Descriptive statistics on characteristics of independent and dependent variables comprise frequencies, measures of central tendency (means, median) and dispersion (standard deviation). The primary outcome reveals the prevalence of CPSP at 2-year (± 3months) after knee arthroplasty. The univariable (unadjusted) analysis of independent variables with and without CPSP was determined by binary logistic regression. Multivariable (full model) model of CPSP adjusting for confounding risk factors was performed, including variables with p < 0.2 in the univariable analysis for CPSP. A parsimonious model (final model) was created by binary logistic regression with likelihood ratio test from the full model, and two model building methods were applied: backward elimination and forward selection. Goodness of fit for the models were assessed based on the Hosmer-Lemeshow test, Pseudo R-Squared and the area under the receiver operating characteristics curve (AUC). Measures of effect of variables in the model are reported as adjusted odds ratios (ORs) and 95% confidence intervals (CIs). Predictive models were constructed separately for presence of CPSP-at-rest, CPSP-on-movement, and moderate to severe CPSP-on-movement, to identify specific risk factors associated with each of them. We used SPSS version 23.0 (SPSS, Armonk, NY, USA) for data analysis.

Results

Post Hoc Power Analysis

A post hoc power analysis was computed for the logistic regression (one-sided z test) using the G Power software (Version 3.1.9.7, Germany).13 In this analysis, the power of all statistically significant predictors included into the final model were estimated taking into account other covariables. The preoperative knee pain was the factor with the weakest association (OR=1.573) in this study (Tables 4–6), considering the actual sample size and real findings on this predictor, the minimum power of study was calculated as 0.83 for a significance level of 0.05 (one-sided). The post hoc statistical power analysis indicated that the power of age, BMI, preoperative knee pain, APSP on movement, and contralateral knee pain-at-rest as predictors of CPSP at rest was 1, 0.98, 0.84, 0.99, 0.99, respectively, at a significance level of 5% (one-sided). Similarly, the power of smoking, APSP at rest, APSP on movement and contralateral knee pain-on-movement as predictors of CPSP on movement was 0.84, 0.87, 1, 0.99, respectively.
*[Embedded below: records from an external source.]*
lemma locating_twins_colors_differ:
  assumes "locating_rainbow_coloring G k c" "x \<in> verts G" "y \<in> verts G" "x \<noteq> y"
    and "\<And>z. z \<noteq> x \<Longrightarrow> z \<noteq> y \<Longrightarrow> {x, z} \<in> edges G \<longleftrightarrow> {y, z} \<in> edges G"
  shows "c x \<noteq> c y"
  using assms rainbow_code_eq_if_twins[of x G y c]
  by (auto simp: locating_rainbow_coloring_def dest: inj_onD)

lemma rvc_le: "rainbow_vertex_coloring G k c \<Longrightarrow> rvc G \<le> k"
  unfolding rvc_def by (rule Least_le) blast

lemma rvcl_le: "locating_rainbow_coloring G k c \<Longrightarrow> rvcl G \<le> k"
  unfolding rvcl_def by (rule Least_le) blast

lemma locating_rainbow_coloring_rvcl:
  "locating_rainbow_coloring G k c \<Longrightarrow> \<exists>c. locating_rainbow_coloring G (rvcl G) c"
  unfolding rvcl_def by (rule LeastI_ex) blast

lemma rainbow_vertex_coloringI:
  assumes "\<And>v. v \<in> verts G \<Longrightarrow> c v \<in> {1..k}" "inj_on c S"
    and "\<And>u v. u \<in> verts G \<Longrightarrow> v \<in> verts G \<Longrightarrow>
      \<exists>p. is_path G p \<and> hd p = u \<and> last p = v \<and> set (internal p) \<subseteq> S"
  shows "rainbow_vertex_coloring G k c"
  unfolding rainbow_vertex_coloring_def
proof (intro conjI ballI)
  fix u v assume "u \<in> verts G" "v \<in> verts G"
  then obtain p where p: "is_path G p" "hd p = u" "last p = v" "set (internal p) \<subseteq> S"
    using assms(3) by blast
  have "distinct (internal p)"
    using p(1) by (simp add: is_path_def internal_def distinct_butlast distinct_tl)
  then have "distinct (map c (internal p))"
    using p(4) inj_on_subset[OF assms(2)] by (simp add: distinct_map)
  with p(1-3) show "\<exists>p. is_path G p \<and> hd p = u \<and> last p = v \<and> distinct (map c (internal p))"
    by blast
qed (use assms(1) in blast)

lemma verts_pair [simp]: "verts (V, E) = V"
  by (simp add: verts_def)

lemma edges_pair [simp]: "edges (V, E) = E"
  by (simp add: edges_def)

lemma simple_graph_edgeE:
  assumes "simple_graph G" "e \<in> edges G"
  obtains a b where "e = {a, b}" "a \<noteq> b" "a \<in> verts G" "b \<in> verts G"
  using assms by (auto simp: simple_graph_def card_2_iff)

lemma finite_edges: "simple_graph G \<Longrightarrow> finite (edges G)"
  unfolding simple_graph_def by (metis Pow_iff finite_Pow_iff finite_subset subsetI)

lemma connected_graph_edges_nonempty:
  assumes "connected_graph G" "2 \<le> card (verts G)"
  shows "edges G \<noteq> {}"
proof -
  have "finite (verts G)" using assms(2) card.infinite by fastforce
  with assms(2) obtain u v where "u \<in> verts G" "v \<in> verts G" "u \<noteq> v"
    using card_le_Suc0_iff_eq[of "verts G"] by auto
  moreover obtain p where "is_path G p" "hd p = u" "last p = v"
    using assms(1) calculation by (auto simp: connected_graph_def)
  ultimately have "{p ! 0, p ! 1} \<in> edges G"
    by (cases p; cases "tl p") (auto simp: is_path_def)
  then show ?thesis by blast
qed

lemma verts_complete_graph [simp]: "verts (complete_graph n) = {0..<n}"
  by (simp add: complete_graph_def)

lemma edge_complete_graph_iff [simp]:
  "{w, w'} \<in> edges (complete_graph n) \<longleftrightarrow> w \<noteq> w' \<and> w < n \<and> w' < n"
  by (auto simp: complete_graph_def card_2_iff)

lemma Inl_in_verts_edge_corona [simp]: "Inl a \<in> verts (edge_corona G H) \<longleftrightarrow> a \<in> verts G"
  by (auto simp: edge_corona_def)

lemma Inr_in_verts_edge_corona [simp]:
  "Inr (e, w) \<in> verts (edge_corona G H) \<longleftrightarrow> e \<in> edges G \<and> w \<in> verts H"
  by (auto simp: edge_corona_def)

lemma edge_corona_vertexE:
  assumes "x \<in> verts (edge_corona G H)"
  obtains (base) a where "x = Inl a" "a \<in> verts G"
    | (copy) e w where "x = Inr (e, w)" "e \<in> edges G" "w \<in> verts H"
  using assms by (cases x) auto

lemma edge_corona_edge_Inl_Inl [simp]:
  "{Inl a, Inl b} \<in> edges (edge_corona G H) \<longleftrightarrow> {a, b} \<in> edges G"
proof -
  have Inl_image: "{Inl a, Inl b} = (Inl ` e :: ('a + 'a set \<times> 'b) set) \<longleftrightarrow> {a, b} = e" for e
    using inj_image_eq_iff[OF inj_Inl, of "{a, b}" e] by simp
  show ?thesis
    by (simp add: edge_corona_def doubleton_eq_iff image_iff Inl_image)
qed

lemma edge_corona_edge_Inl_Inr [simp]:
  "{Inl a, Inr (e, w)} \<in> edges (edge_corona G H) \<longleftrightarrow> e \<in> edges G \<and> a \<in> e \<and> w \<in> verts H"
  by (auto simp: edge_corona_def doubleton_eq_iff)

lemma edge_corona_edge_Inr_Inl [simp]:
  "{Inr (e, w), Inl a} \<in> edges (edge_corona G H) \<longleftrightarrow> e \<in> edges G \<and> a \<in> e \<and> w \<in> verts H"
  by (simp add: insert_commute)

lemma edge_corona_edge_Inr_Inr [simp]:
  "{Inr (e, w), Inr (e', w')} \<in> edges (edge_corona G H) \<longleftrightarrow>
   e \<in> edges G \<and> e' = e \<and> {w, w'} \<in> edges H"
  unfolding edge_corona_def by (auto simp: doubleton_eq_iff insert_commute) blast

lemma edge_corona_attachment:
  assumes "simple_graph G" "x \<in> verts (edge_corona G H)"
  obtains a where "a \<in> verts G" "x = Inl a \<or> \<not> isl x \<and> {x, Inl a} \<in> edges (edge_corona G H)"
  using assms(2)
proof (cases rule: edge_corona_vertexE)
  case (copy e w)
  then obtain a b where "e = {a, b}" "a \<in> verts G"
    using assms(1) by (blast elim: simple_graph_edgeE)
  with copy that show ?thesis by auto
qed (use that in auto)

lemma is_path_map_Inl_edge_corona:
  "is_path G p \<Longrightarrow> is_path (edge_corona G H) (map Inl p)"
  by (auto simp: is_path_iff_successively successively_map distinct_map)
A total number of 605 patients who were enrolled between July 2018 and December 2019 completed survey and the results were shown in Figure 1. Approximately 12% patients still had rest pain and 38% of whom sufferred movement pain 2 years after primary knee arthroplasty. Among which, the prevalence of moderate-severe pain-on-movement was nearly 10%.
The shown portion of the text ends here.